Health Check Script for Keepalived
The /usr/local/bin/check_haproxy.sh script referenced in Keepalived’s configuration is essential for ensuring that the VIP only floats to a server that is actively managing a healthy HAProxy instance.
#!/bin/bash
if [ "$(pidof haproxy)" ]; then
exit 0
else
exit 1
fi
Make this script executable: chmod +x /usr/local/bin/check_haproxy.sh.
WooCommerce Integration and Failover Testing
WooCommerce applications typically interact with Elasticsearch for product search, filtering, and potentially other features. The key is to configure WooCommerce to point to the floating VIP address managed by Keepalived, rather than directly to an individual Elasticsearch node.
WooCommerce Elasticsearch Plugin Configuration
Within your WooCommerce admin panel, navigate to the Elasticsearch plugin settings (the exact location depends on the plugin used, e.g., “ElasticPress”). You will find fields for the Elasticsearch host(s). Enter the floating VIP address here.

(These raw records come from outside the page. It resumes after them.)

(* Let $\psi\in C^1(\mathbb{R})$ satisfy: $\psi(0)=1$, $\psi$ is even, there exist $C>0$ and $\delta>1$ with $|\psi(x)|+|x\psi'(x)|\leq C\langle x\rangle^{-\delta}$ for all $x\in\mathbb{R}$, and $A_\psi:=\int_{\mathbb{R}}\psi(x)\,\mathrm{d}x\neq 0$. Let $h(x)=\psi(x)+x\psi'(x)$ and let $\mu$ be a probability measure on $\mathbb{R}$. Then for $b\in\mathbb{R}$: 1. $\lim_{\varepsilon\downarrow0}\varepsilon\int_\varepsilon^\infty W_h(\mu)(b,a)\frac{\mathrm{d}a}{a}=\mu(\{b\})$. 2. Let $0<\alpha\leq1$ and assume that $(d_\alpha\mu)(b)$ exists. Then $\lim_{\varepsilon\downarrow0}\varepsilon^{1-\alpha}\int_\varepsilon^\infty W_h(\mu)(b,a)\frac{\mathrm{d}a}{a}=c_\alpha(d_\alpha\mu)(b)$, where $c_\alpha=\int_0^\infty\alpha2^\alpha y^{\alpha-1}\psi(y)\,\mathrm{d}y$.
   Context: $\langle x\rangle=(1+x^2)^{1/2}$. The continuous wavelet transform of $\mu$ is $W_h(\mu)(b,a)=\frac1a\int_{-\infty}^{\infty}h((b-y)/a)\,\mathrm{d}\mu(y)$ for $b\in\mathbb{R}$, $a>0$. For $0\leq\alpha\leq1$, $(d_\alpha\mu)(x)=\lim_{\varepsilon\downarrow0}\mu((x-\varepsilon,x+\varepsilon))/(2\varepsilon)^\alpha$ whenever this limit exists. *)

theory Defs
  imports "HOL-Probability.Probability"
begin

definition jbracket :: "real \<Rightarrow> real" where
  "jbracket x = sqrt (1 + x\<^sup>2)"

definition wavelet_transform :: "(real \<Rightarrow> real) \<Rightarrow> real measure \<Rightarrow> real \<Rightarrow> real \<Rightarrow> real" where
  "wavelet_transform h \<mu> b a = (1 / a) * (\<integral>y. h ((b - y) / a) \<partial>\<mu>)"

text \<open>(d_alpha mu)(x) exists and equals d: the limit of mu((x-e,x+e)) / (2e)^alpha as e tends to 0 from the right.\<close>
definition has_alpha_density :: "real \<Rightarrow> real measure \<Rightarrow> real \<Rightarrow> real \<Rightarrow> bool" where
  "has_alpha_density \<alpha> \<mu> x d \<longleftrightarrow>
     ((\<lambda>\<epsilon>. measure \<mu> {x - \<epsilon> <..< x + \<epsilon>} / (2 * \<epsilon>) powr \<alpha>) \<longlongrightarrow> d) (at_right 0)"

end

theory Submission
  imports Defs "HOL-Real_Asymp.Real_Asymp"
begin

(* Since a \<mapsto> -\<psi>(c/a)/a is an antiderivative of h(c/a)/a^2, Fubini gives
     \<integral>_e^\<infinity> W_h(\<mu>)(b,a) da/a = (1/e) \<integral> \<psi>((b-y)/e) d\<mu>(y).
   Part 1 is then dominated convergence: \<psi>((b-y)/e) tends to the indicator of {b},
   because \<psi>(0) = 1 and \<psi> vanishes at infinity.
   For part 2, evenness and \<psi>(s) = -\<integral>_s^\<infinity> \<psi>' give the layer-cake form
     \<integral> \<psi>((b-y)/e) d\<mu>(y) = -\<integral>_0^\<infinity> \<psi>'(t) \<mu>((b-et, b+et)) dt.
   Divided by e^\<alpha>, the integrand is \<psi>'(t) (2t)^\<alpha> times the density ratio
   \<mu>((b-r, b+r))/(2r)^\<alpha> at r = et, which is bounded and tends to (d_\<alpha>\<mu>)(b); so the
   limit is -(d_\<alpha>\<mu>)(b) \<integral>_0^\<infinity> \<psi>'(t) (2t)^\<alpha> dt, which equals c_\<alpha> (d_\<alpha>\<mu>)(b) after an
   integration by parts. *)

lemma set_integrable_powr_at_0:
  assumes "p > (-1::real)"
  shows "set_integrable lborel {0<..1} (\<lambda>t. t powr p)"
proof -
  have "(\<lambda>t. t powr p) integrable_on {0<..1}"
    by (rule integrable_on_powr_from_0') (use assms in auto)
  hence "(\<lambda>t. t powr p) absolutely_integrable_on {0<..1}"
    by (subst absolutely_integrable_on_iff_nonneg) auto
  thus ?thesis
    unfolding set_integrable_def by (subst (asm) integrable_completion) auto
qed

lemma set_integrable_powr_at_top:
  assumes "p < (-1::real)" "a > 0"
  shows "set_integrable lborel {a..} (\<lambda>t. t powr p)"
proof -
  have "(\<lambda>t. t powr p) integrable_on {a..}"
    using has_integral_powr_to_inf[OF assms] by (auto simp: integrable_on_def)
  hence "(\<lambda>t. t powr p) absolutely_integrable_on {a..}"
    by (subst absolutely_integrable_on_iff_nonneg) (use assms in auto)
  thus ?thesis
    unfolding set_integrable_def by (subst (asm) integrable_completion) auto
qed

lemma set_integrable_inverse_square:
  assumes "(a::real) > 0"
  shows "set_integrable lborel {a<..} (\<lambda>t. 1 / t\<^sup>2)"
proof -
  have "set_integrable lborel {a<..} (\<lambda>t. t powr (-2))"
    by (rule set_integrable_subset[OF set_integrable_powr_at_top]) (use assms in auto)
  thus ?thesis
    by (rule set_integrable_cong[THEN iffD1, rotated -1])
       (use assms in \<open>auto simp: powr_minus_divide\<close>)
qed

lemma jbracket_ge_1: "jbracket x \<ge> 1"
  unfolding jbracket_def by simp

lemma abs_le_jbracket: "\<bar>x\<bar> \<le> jbracket x"
  unfolding jbracket_def by (simp add: real_le_rsqrt)

lemma jbracket_pos: "jbracket x > 0"
  using jbracket_ge_1[of x] by linarith

lemma borel_measurable_jbracket[measurable]: "jbracket \<in> borel_measurable borel"
  unfolding jbracket_def by measurable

# Example configuration snippet (plugin dependent) # In WooCommerce settings or wp-config.php define( 'EP_HOST', 'http://192.168.1.100:9200' ); # Use the floating VIP
If your plugin supports multiple hosts, you can list them, but for this HA setup, the VIP is the primary target. The plugin will then communicate with HAProxy, which will route requests to the active Elasticsearch cluster.

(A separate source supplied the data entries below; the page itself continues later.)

lemma integral_\<nu>_lipschitz_bump:
  assumes h: "lipschitz_bump h"
  shows "(\<integral>x. h x \<partial>\<nu>) = scale_limit * (\<integral>x. h x * f x \<partial>lborel)"
proof -
  let ?J = "\<lambda>e. (\<integral>x. h x * cube_prob e x \<partial>lborel) / cube_scale e"
  have "((\<lambda>e. cube_scale e / (2*e)^CARD('n) * ?J e) \<longlongrightarrow> scale_limit * (\<integral>x. h x * f x \<partial>lborel)) (at_right 0)"
    by (intro tendsto_mult tendsto_cube_scale_div_volume tendsto_cube_integral_div_scale[OF h])
  moreover have "\<forall>\<^sub>F e in at_right 0.
      cube_scale e / (2*e)^CARD('n) * ?J e = (\<integral>x. h x * cube_prob e x \<partial>lborel) / (2*e)^CARD('n)"
    using eventually_cube_scale_pos by eventually_elim auto
  ultimately have "((\<lambda>e. (\<integral>x. h x * cube_prob e x \<partial>lborel) / (2*e)^CARD('n))
      \<longlongrightarrow> scale_limit * (\<integral>x. h x * f x \<partial>lborel)) (at_right 0)"
    by (rule Lim_transform_eventually)
  with tendsto_cube_integral_div_volume[OF h] show ?thesis
    by (intro tendsto_unique[of "at_right (0::real)"]) auto
qed

lemma measure_\<nu>_open:
  assumes U: "open U" "bounded U"
  shows "measure \<nu> U = scale_limit * (\<integral>x. indicator U x * f x \<partial>lborel)"
proof -
  interpret \<nu>: prob_space \<nu> by (rule prob_space_\<nu>)
  define s where "s n x = min 1 (real (Suc n) * infdist x (- U))" for n x
  have bump: "lipschitz_bump (s n)" for n
    unfolding s_def using U(2) by (rule lipschitz_bump_infdist_compl) simp
  have s_meas: "s n \<in> borel_measurable borel" for n by (rule lipschitz_bump_borel_measurable[OF bump])
  have s01: "0 \<le> s n x \<and> s n x \<le> 1" for n x by (simp add: s_def infdist_nonneg)
  have lim: "(\<lambda>n. s n x) \<longlonglongrightarrow> indicator U x" for x
    unfolding s_def using U by (rule tendsto_infdist_compl_indicator)
  have lim_\<nu>: "(\<lambda>n. \<integral>x. s n x \<partial>\<nu>) \<longlonglongrightarrow> (\<integral>x. indicator U x \<partial>\<nu>)"
  proof (rule integral_dominated_convergence[where w = "\<lambda>_. 1"])
    show "AE x in \<nu>. norm (s n x) \<le> 1" for n using s01 by (intro AE_I2) auto
  qed (use sets_\<nu> s_meas lim U in \<open>auto cong: measurable_cong_sets\<close>)
  have lim_f: "(\<lambda>n. \<integral>x. s n x * f x \<partial>lborel) \<longlonglongrightarrow> (\<integral>x. indicator U x * f x \<partial>lborel)"
  proof (rule integral_dominated_convergence[where w = f])
    show "AE x in lborel. norm (s n x * f x) \<le> f x" for n
      using s01 f_pos by (intro AE_I2) (auto simp: abs_mult less_imp_le intro!: mult_left_le_one_le)
    show "AE x in lborel. (\<lambda>n. s n x * f x) \<longlonglongrightarrow> indicator U x * f x"
      using lim by (intro AE_I2 tendsto_mult_right)
  qed (use f_int s_meas U in auto)
  have "(\<integral>x. indicator U x \<partial>\<nu>) = scale_limit * (\<integral>x. indicator U x * f x \<partial>lborel)"
    using lim_\<nu> unfolding integral_\<nu>_lipschitz_bump[OF bump] by (rule LIMSEQ_unique[OF _ tendsto_mult_left[OF lim_f]])
  then show ?thesis using sets_\<nu> U by simp
qed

Simulating Failures for Testing
Thorough testing is paramount. You must simulate various failure scenarios to validate the auto-failover mechanism.
- Elasticsearch Node Failure: Stop an Elasticsearch service on one of the nodes. Monitor HAProxy’s logs and the Elasticsearch cluster health API (via the VIP) to confirm the node is marked as down and traffic is rerouted.

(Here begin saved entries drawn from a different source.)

(* Let $A=S_{\mathbf q}(V)$ and let $K_\bullet$ be its Koszul bimodule resolution (defined in the context). Define left $A$-module maps $t_{-1}\colon A\to A\otimes A$ by $t_{-1}(1)=1\otimes 1$ and, for $p\ge 0$, $t_p\colon K_p\to K_{p+1}$ on the left $A$-basis elements $1\otimes(x_{j_1}\wedge\cdots\wedge x_{j_p})\otimes\underline{x}^{\underline{\ell}}$ ($1\le j_1<\cdots<j_p\le N$, $\underline{\ell}\in\mathbb{N}^N$) by $$t_p\big(1\otimes(x_{j_1}\wedge\cdots\wedge x_{j_p})\otimes\underline{x}^{\underline{\ell}}\big)=(-1)^{p+1}\sum_{j_{p+1}=j_p+1}^{N}\sum_{r=1}^{\ell_{j_{p+1}}}\lambda^{(\underline{\ell};j_1,\dots,j_p)}_{j_{p+1},r}\ x_{j_{p+1}}^{\ell_{j_{p+1}}-r}x_{j_{p+1}+1}^{\ell_{j_{p+1}+1}}\cdots x_N^{\ell_N}\otimes(x_{j_1}\wedge\cdots\wedge x_{j_{p+1}})\otimes x_1^{\ell_1}\cdots x_{j_{p+1}-1}^{\ell_{j_{p+1}-1}}x_{j_{p+1}}^{r-1},$$ where (writing $m=j_{p+1}$) $$\lambda^{(\underline{\ell};j_1,\dots,j_p)}_{m,r}=\Big(\prod_{s=1}^{m-1}\prod_{t=m}^{N}q_{s,t}^{\ell_s\ell_t}\Big)\Big(\prod_{t=1}^Nq_{m,t}^{\ell_t}\Big)^{r-1}\Big(\prod_{t=1}^pq_{j_t,m}^{\ell_m-r}\Big)\Big(\prod_{s=1}^{p+1}\prod_{t=m+1}^Nq_{j_s,t}^{\ell_t}\Big),$$ with the convention $j_0=0$ when $p=0$, and extended left $A$-linearly. Then $d_0t_{-1}=\mathrm{Id}_A$ and $t_{p-1}d_p+d_{p+1}t_p=\mathrm{Id}_{K_p}$ for all $p\ge0$, i.e. $(t_p)_{p\ge-1}$ is a chain contraction of $K_\bullet$.
   Context: $\mathbb{k}$ is a field, $N\ge1$, and $\mathbf q=(q_{i,j})_{1\le i,j\le N}$ are nonzero scalars in $\mathbb{k}$ with $q_{i,i}=1$ and $q_{j,i}=q_{i,j}^{-1}$. $V$ has basis $x_1,\dots,x_N$, and $S_{\mathbf q}(V)=\mathbb{k}\langle x_1,\dots,x_N\mid x_ix_j=q_{i,j}x_jx_i\ \forall i,j\rangle$ is the quantum symmetric algebra; the ordered monomials $\underline{x}^{\underline{\ell}}=x_1^{\ell_1}\cdots x_N^{\ell_N}$, $\underline{\ell}\in\mathbb{N}^N$, form a $\mathbb{k}$-basis. The Koszul resolution $K_\bullet$ of $A=S_{\mathbf q}(V)$ has $K_p=A\otimes\bigwedge^p(V)\otimes A$ ($0\le p\le N$), the free $A$-bimodule with basis $1\otimes(x_{j_1}\wedge\cdots\wedge x_{j_p})\otimes1$, $1\le j_1<\cdots<j_p\le N$; $d_0$ is multiplication and for $p\ge1$ $$d_p(1\otimes(x_{j_1}\wedge\cdots\wedge x_{j_p})\otimes1)=\sum_{i=1}^p(-1)^{i+1}\Big(\prod_{s=1}^iq_{j_s,j_i}\Big)x_{j_i}\otimes(x_{j_1}\wedge\cdots\widehat{x_{j_i}}\cdots\wedge x_{j_p})\otimes1-\sum_{i=1}^p(-1)^{i+1}\Big(\prod_{s=i}^pq_{j_i,j_s}\Big)1\otimes(x_{j_1}\wedge\cdots\widehat{x_{j_i}}\cdots\wedge x_{j_p})\otimes x_{j_i},$$ where the hat denotes omission. *)

theory Defs
  imports Main
begin

text \<open>
  Exponent vectors are functions nat \<Rightarrow> nat supported on {1..N};
  the monomial x^a = x_1^(a 1) ... x_N^(a N).  A wedge x_{j_1} \<and> ... \<and> x_{j_p}
  with j_1 < ... < j_p is the strictly increasing list [j_1,...,j_p].
  The k-basis of K_p = A \<otimes> \<Lambda>^p V \<otimes> A consists of triples (a, J, b) standing for
  x^a \<otimes> (wedge J) \<otimes> x^b; elements of K_p are finitely supported coefficient
  functions on such triples; elements of A are finitely supported coefficient
  functions on exponent vectors.  Maps are given on the k-basis and extended
  k-linearly (this agrees with the left A-linear / bimodule extension, since
  the basis images are computed with the quantum multiplication rule
  x^a x^b = mcoef a b x^(a+b)).
\<close>

type_synonym expv = "nat \<Rightarrow> nat"
type_synonym kbas = "expv \<times> nat list \<times> expv"

definition valid_exp :: "nat \<Rightarrow> expv \<Rightarrow> bool" where
  "valid_exp N a \<longleftrightarrow> (\<forall>i. a i \<noteq> 0 \<longrightarrow> i \<in> {1..N})"

definition valid_wedge :: "nat \<Rightarrow> nat \<Rightarrow> nat list \<Rightarrow> bool" where
  "valid_wedge N p J \<longleftrightarrow> sorted_wrt (<) J \<and> set J \<subseteq> {1..N} \<and> length J = p"

definition inK :: "nat \<Rightarrow> nat \<Rightarrow> (kbas \<Rightarrow> 'k::zero) \<Rightarrow> bool" where
  "inK N p f \<longleftrightarrow> finite {x. f x \<noteq> 0} \<and>
     (\<forall>a J b. f (a, J, b) \<noteq> 0 \<longrightarrow> valid_exp N a \<and> valid_wedge N p J \<and> valid_exp N b)"

definition inA :: "nat \<Rightarrow> (expv \<Rightarrow> 'k::zero) \<Rightarrow> bool" where
  "inA N g \<longleftrightarrow> finite {x. g x \<noteq> 0} \<and> (\<forall>a. g a \<noteq> 0 \<longrightarrow> valid_exp N a)"

definition lext :: "('b \<Rightarrow> 'c \<Rightarrow> 'k::comm_ring_1) \<Rightarrow> ('b \<Rightarrow> 'k) \<Rightarrow> 'c \<Rightarrow> 'k" where
  "lext g f = (\<lambda>y. \<Sum>x\<in>{x. f x \<noteq> 0}. f x * g x y)"

definition eunit :: "nat \<Rightarrow> expv" where
  "eunit j = (\<lambda>i. if i = j then 1 else 0)"

definition eadd :: "expv \<Rightarrow> expv \<Rightarrow> expv" where
  "eadd a b = (\<lambda>i. a i + b i)"

definition ezero :: expv where
  "ezero = (\<lambda>_. 0)"

text \<open>x^a x^b = mcoef q N a b x^(a+b) in S_q(V).\<close>
definition mcoef :: "(nat \<Rightarrow> nat \<Rightarrow> 'k::comm_ring_1) \<Rightarrow> nat \<Rightarrow> expv \<Rightarrow> expv \<Rightarrow> 'k" where
  "mcoef q N a b = (\<Prod>s\<in>{1..N}. \<Prod>t\<in>{1..N}. if t < s then q s t ^ (a s * b t) else 1)"

definition remove_nth :: "nat \<Rightarrow> 'a list \<Rightarrow> 'a list" where
  "remove_nth k J = take k J @ drop (Suc k) J"

text \<open>The Koszul differential d_p (p \<ge> 1) on the basis element x^a \<otimes> wedge J \<otimes> x^b.\<close>
definition dbas :: "(nat \<Rightarrow> nat \<Rightarrow> 'k::comm_ring_1) \<Rightarrow> nat \<Rightarrow> kbas \<Rightarrow> kbas \<Rightarrow> 'k" where
  "dbas q N x y = (case x of (a, J, b) \<Rightarrow>
     (\<Sum>k<length J.
        (if y = (eadd a (eunit (J!k)), remove_nth k J, b)
         then (-1)^k * (\<Prod>s\<le>k. q (J!s) (J!k)) * mcoef q N a (eunit (J!k)) else 0)
      - (if y = (a, remove_nth k J, eadd (eunit (J!k)) b)
         then (-1)^k * (\<Prod>s\<in>{k..<length J}. q (J!k) (J!s)) * mcoef q N (eunit (J!k)) b else 0)))"

definition dK :: "(nat \<Rightarrow> nat \<Rightarrow> 'k::comm_ring_1) \<Rightarrow> nat \<Rightarrow> (kbas \<Rightarrow> 'k) \<Rightarrow> kbas \<Rightarrow> 'k" where
  "dK q N = lext (dbas q N)"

- HAProxy Server Failure: Stop the HAProxy service on one of the servers. Observe if Keepalived promotes the backup server and the VIP moves.
- Keepalived Server Failure: Shut down one of the Keepalived servers. Verify that the other server takes over the VIP.
- Network Partition: Simulate network issues between zones or regions to test how Elasticsearch handles split-brain scenarios and how clients reconnect.
- Full Zone/Region Outage: If deploying across multiple OVH regions, simulate an entire region outage to test cross-region failover.
During testing, pay close attention to:
- The time it takes for the VIP to failover.
- The accuracy of HAProxy’s health checks.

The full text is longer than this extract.